lemma length_std_word_less:
  assumes "irrational_unit \<alpha>" "1 \<le> n"
  shows "length (std_word \<alpha> n) < length (std_word \<alpha> (Suc n))"
proof -
  obtain m where m: "n = Suc m" using assms(2) by (cases n) auto
  have "0 < cf_digit \<alpha> (m + 2)" by (rule cf_digit_pos[OF assms(1)]) simp
  then show ?thesis using m std_word_nonempty[of \<alpha> m] by (simp add: word_pow_pos)
qed

lemma length_std_word_Suc_mono:
  assumes "irrational_unit \<alpha>"
  shows "length (std_word \<alpha> n) \<le> length (std_word \<alpha> (Suc n))"
proof (cases n)
  case 0
  then show ?thesis using cf_digit_pos[OF assms, of 1] by simp
next
  case (Suc m)
  then show ?thesis using length_std_word_less[OF assms, of n] by simp
qed

lemma length_std_word_mono:
  assumes "irrational_unit \<alpha>" "m \<le> n"
  shows "length (std_word \<alpha> m) \<le> length (std_word \<alpha> n)"
  using assms(2)
  by (induction n rule: dec_induct) (use length_std_word_Suc_mono[OF assms(1)] in \<open>auto intro: le_trans\<close>)

lemma length_std_word_ge:
  assumes "irrational_unit \<alpha>" "1 \<le> n"
  shows "n \<le> length (std_word \<alpha> n)"
  using assms(2)
proof (induction n rule: dec_induct)
  case base
  then show ?case using std_word_nonempty[of \<alpha> 1] by (cases "std_word \<alpha> 1") auto
next
  case (step n)
  then show ?case using length_std_word_less[OF assms(1), of n] by simp
qed

lemma std_word_append_swap:
  "\<exists>u x y. std_word \<alpha> (Suc m) @ std_word \<alpha> m = u @ [x, y]
         \<and> std_word \<alpha> m @ std_word \<alpha> (Suc m) = u @ [y, x]"
proof (induction m)
  case 0
  let ?u = "replicate (cf_digit \<alpha> 1 - 1) (0::nat)"
  have "std_word \<alpha> 1 = ?u @ [1]" by simp
  then have "std_word \<alpha> 1 @ std_word \<alpha> 0 = ?u @ [1, 0]"
    and "std_word \<alpha> 0 @ std_word \<alpha> 1 = ?u @ [0, 1]"
    by (simp_all add: replicate_append_same[symmetric])
  then show ?case by auto
next
  case (Suc m)
  then obtain u x y where u: "std_word \<alpha> (Suc m) @ std_word \<alpha> m = u @ [x, y]"
    "std_word \<alpha> m @ std_word \<alpha> (Suc m) = u @ [y, x]" by blast
  let ?s = "std_word \<alpha> (Suc m)" and ?p = "word_pow (cf_digit \<alpha> (m + 2)) (std_word \<alpha> (Suc m))"
  have "std_word \<alpha> (Suc (Suc m)) @ ?s = (?p @ u) @ [y, x]"
    using u(2) by simp
  moreover have "?s @ std_word \<alpha> (Suc (Suc m)) = (?s @ ?p) @ std_word \<alpha> m" by simp
  then have "?s @ std_word \<alpha> (Suc (Suc m)) = (?p @ u) @ [x, y]"
    using u(1) by (simp only: word_pow_append_commute[symmetric] append_assoc)
  ultimately show ?case by blast
qed

lemma sublist_word_pow_append:
  fixes A B w :: "'a list"
  assumes "prefix B A" and "L \<le> length B" and "length w \<le> L"
    and straddle: "\<And>x y. x \<noteq> [] \<Longrightarrow> suffix x A \<Longrightarrow> prefix y B
               \<Longrightarrow> length (x @ y) \<le> L \<Longrightarrow> sublist (x @ y) A"
  shows "sublist w (word_pow e A @ B) \<Longrightarrow> sublist w A"
proof (induction e)
  case 0
  then show ?case using assms(1) by (auto intro: sublist_order.order_trans prefix_imp_sublist)
next
  case (Suc e)
  have prefix_B: "prefix B (word_pow e A @ B)"
    using assms(1) by (cases e) (auto intro: prefix_order.order_trans)
  from Suc.prems consider "sublist w A" | "sublist w (word_pow e A @ B)"
    | x y where "w = x @ y" "suffix x A" "prefix y (word_pow e A @ B)"
    by (auto simp: sublist_append)
  then show ?case
  proof cases
    case 3
    show ?thesis
    proof (cases "x = []")
      case True
      then show ?thesis using 3 Suc.IH by (auto intro: prefix_imp_sublist)
    next
      case False
      have "length y \<le> length B" using assms(2,3) 3(1) by simp
      then have "prefix y B" using prefix_B 3(3) prefix_length_prefix by blast
      then show ?thesis using straddle 3 False assms(3) by blast
    qed
  qed (use Suc.IH in auto)
qed

lemma sublist_std_word_straddle:
  assumes \<alpha>: "irrational_unit \<alpha>" and "1 \<le> j"
    and "x \<noteq> []" and "suffix x (std_word \<alpha> (Suc (Suc j)))"
    and "prefix y (std_word \<alpha> (Suc j))"
    and len: "length (x @ y) \<le> length (std_word \<alpha> j)"
  shows "sublist (x @ y) (std_word \<alpha> (Suc (Suc j)))"
proof -
  let ?A = "std_word \<alpha> (Suc (Suc j))" and ?B = "std_word \<alpha> (Suc j)" and ?C = "std_word \<alpha> j"
  let ?d = "cf_digit \<alpha> (j + 2)"
  have "0 < ?d" by (rule cf_digit_pos[OF \<alpha>]) simp
  then have A: "?A = word_pow (?d - 1) ?B @ (?B @ ?C)"
    by (simp add: word_pow_pos word_pow_append_commute)
  have "suffix x (word_pow ?d ?B @ ?C)" using assms(4) by simp
  moreover have "length x \<le> length ?C" using len by simp
  ultimately have "suffix x ?C" by (meson suffixI suffix_length_suffix)
  then obtain c where c: "?C = c @ x" by (auto simp: suffix_def)
  obtain b where b: "?B = y @ b" using assms(5) by (auto simp: prefix_def)
  obtain u s t where u: "?B @ ?C = u @ [s, t]" "?C @ ?B = u @ [t, s]"
    using std_word_append_swap[of \<alpha> j] by blast
  have "length ?C < length ?B" by (rule length_std_word_less[OF \<alpha> assms(2)])
  then have "length (c @ x @ y) \<le> length u"
    using arg_cong[OF u(1), of length] len c assms(3) by (cases x) auto
  moreover have "(c @ x @ y) @ b = u @ [t, s]" using u(2) c b by simp
  ultimately have "prefix (c @ x @ y) u"
    by (metis prefixI prefix_length_prefix prefix_append)
  then have "sublist (x @ y) u"
    by (meson sublist_append_leftI prefix_imp_sublist sublist_order.order_trans)
  moreover have "sublist u ?A" using A u(1) by (metis append.assoc sublist_appendI)
  ultimately show ?thesis by (rule sublist_order.order_trans)
qed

::::::::::

▶ Task description
Only those lines of the entries above that run from the line containing "B (word_pow e" to the line containing "3(1) by simp", both included, should be transcribed exactly.

▶ Result of this task
  have prefix_B: "prefix B (word_pow e A @ B)"
    using assms(1) by (cases e) (auto intro: prefix_order.order_trans)
  from Suc.prems consider "sublist w A" | "sublist w (word_pow e A @ B)"
    | x y where "w = x @ y" "suffix x A" "prefix y (word_pow e A @ B)"
    by (auto simp: sublist_append)
  then show ?case
  proof cases
    case 3
    show ?thesis
    proof (cases "x = []")
      case True
      then show ?thesis using 3 Suc.IH by (auto intro: prefix_imp_sublist)
    next
      case False
      have "length y \<le> length B" using assms(2,3) 3(1) by simp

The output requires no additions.